- **TRY IT**: Please write each record out again word for word.

- **RECORDS FOR THIS TASK**:
::::
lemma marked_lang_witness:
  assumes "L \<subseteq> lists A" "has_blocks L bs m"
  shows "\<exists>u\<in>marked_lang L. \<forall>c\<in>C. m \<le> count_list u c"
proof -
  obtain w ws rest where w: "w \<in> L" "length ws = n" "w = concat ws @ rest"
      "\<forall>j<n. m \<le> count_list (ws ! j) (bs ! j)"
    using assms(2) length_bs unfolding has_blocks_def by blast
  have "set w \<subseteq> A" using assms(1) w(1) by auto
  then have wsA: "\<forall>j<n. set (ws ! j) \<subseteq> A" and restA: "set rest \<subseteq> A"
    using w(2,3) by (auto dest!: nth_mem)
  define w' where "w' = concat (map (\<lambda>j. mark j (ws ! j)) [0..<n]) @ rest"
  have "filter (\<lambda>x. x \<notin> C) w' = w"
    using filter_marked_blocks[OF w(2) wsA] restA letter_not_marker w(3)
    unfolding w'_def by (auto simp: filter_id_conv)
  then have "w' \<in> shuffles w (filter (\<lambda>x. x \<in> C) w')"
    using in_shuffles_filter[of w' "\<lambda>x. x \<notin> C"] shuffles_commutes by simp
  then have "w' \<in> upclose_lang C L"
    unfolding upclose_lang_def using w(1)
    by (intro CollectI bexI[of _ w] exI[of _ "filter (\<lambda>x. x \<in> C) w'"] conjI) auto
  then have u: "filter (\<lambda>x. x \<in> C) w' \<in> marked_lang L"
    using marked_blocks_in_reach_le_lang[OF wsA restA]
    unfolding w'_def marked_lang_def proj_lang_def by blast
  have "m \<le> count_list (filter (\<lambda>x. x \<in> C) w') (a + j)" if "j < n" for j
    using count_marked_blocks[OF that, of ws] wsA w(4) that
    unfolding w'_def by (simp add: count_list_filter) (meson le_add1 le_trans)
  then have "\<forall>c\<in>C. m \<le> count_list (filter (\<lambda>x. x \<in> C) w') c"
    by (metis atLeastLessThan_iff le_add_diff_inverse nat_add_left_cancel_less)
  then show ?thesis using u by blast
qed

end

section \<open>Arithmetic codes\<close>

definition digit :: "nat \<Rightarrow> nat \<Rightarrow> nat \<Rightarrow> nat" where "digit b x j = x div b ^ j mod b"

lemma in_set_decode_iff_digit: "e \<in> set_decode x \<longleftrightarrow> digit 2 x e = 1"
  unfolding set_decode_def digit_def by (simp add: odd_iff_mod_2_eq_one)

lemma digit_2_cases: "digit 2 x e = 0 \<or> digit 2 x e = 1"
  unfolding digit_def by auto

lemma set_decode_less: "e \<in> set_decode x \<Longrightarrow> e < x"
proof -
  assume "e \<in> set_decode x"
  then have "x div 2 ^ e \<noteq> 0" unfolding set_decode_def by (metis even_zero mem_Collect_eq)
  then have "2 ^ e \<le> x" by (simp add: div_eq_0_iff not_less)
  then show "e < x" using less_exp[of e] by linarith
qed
::::
- **THE ANSWER**:
lemma marked_lang_witness:
  assumes "L \<subseteq> lists A" "has_blocks L bs m"
  shows "\<exists>u\<in>marked_lang L. \<forall>c\<in>C. m \<le> count_list u c"
proof -
  obtain w ws rest where w: "w \<in> L" "length ws = n" "w = concat ws @ rest"
      "\<forall>j<n. m \<le> count_list (ws ! j) (bs ! j)"
    using assms(2) length_bs unfolding has_blocks_def by blast
  have "set w \<subseteq> A" using assms(1) w(1) by auto
  then have wsA: "\<forall>j<n. set (ws ! j) \<subseteq> A" and restA: "set rest \<subseteq> A"
    using w(2,3) by (auto dest!: nth_mem)
  define w' where "w' = concat (map (\<lambda>j. mark j (ws ! j)) [0..<n]) @ rest"
  have "filter (\<lambda>x. x \<notin> C) w' = w"
    using filter_marked_blocks[OF w(2) wsA] restA letter_not_marker w(3)
    unfolding w'_def by (auto simp: filter_id_conv)
  then have "w' \<in> shuffles w (filter (\<lambda>x. x \<in> C) w')"
    using in_shuffles_filter[of w' "\<lambda>x. x \<notin> C"] shuffles_commutes by simp
  then have "w' \<in> upclose_lang C L"
    unfolding upclose_lang_def using w(1)
    by (intro CollectI bexI[of _ w] exI[of _ "filter (\<lambda>x. x \<in> C) w'"] conjI) auto
  then have u: "filter (\<lambda>x. x \<in> C) w' \<in> marked_lang L"
    using marked_blocks_in_reach_le_lang[OF wsA restA]
    unfolding w'_def marked_lang_def proj_lang_def by blast
  have "m \<le> count_list (filter (\<lambda>x. x \<in> C) w') (a + j)" if "j < n" for j
    using count_marked_blocks[OF that, of ws] wsA w(4) that
    unfolding w'_def by (simp add: count_list_filter) (meson le_add1 le_trans)
  then have "\<forall>c\<in>C. m \<le> count_list (filter (\<lambda>x. x \<in> C) w') c"
    by (metis atLeastLessThan_iff le_add_diff_inverse nat_add_left_cancel_less)
  then show ?thesis using u by blast
qed

end

section \<open>Arithmetic codes\<close>

definition digit :: "nat \<Rightarrow> nat \<Rightarrow> nat \<Rightarrow> nat" where "digit b x j = x div b ^ j mod b"

lemma in_set_decode_iff_digit: "e \<in> set_decode x \<longleftrightarrow> digit 2 x e = 1"
  unfolding set_decode_def digit_def by (simp add: odd_iff_mod_2_eq_one)

lemma digit_2_cases: "digit 2 x e = 0 \<or> digit 2 x e = 1"
  unfolding digit_def by auto

lemma set_decode_less: "e \<in> set_decode x \<Longrightarrow> e < x"
proof -
  assume "e \<in> set_decode x"
  then have "x div 2 ^ e \<noteq> 0" unfolding set_decode_def by (metis even_zero mem_Collect_eq)
  then have "2 ^ e \<le> x" by (simp add: div_eq_0_iff not_less)
  then show "e < x" using less_exp[of e] by linarith
qed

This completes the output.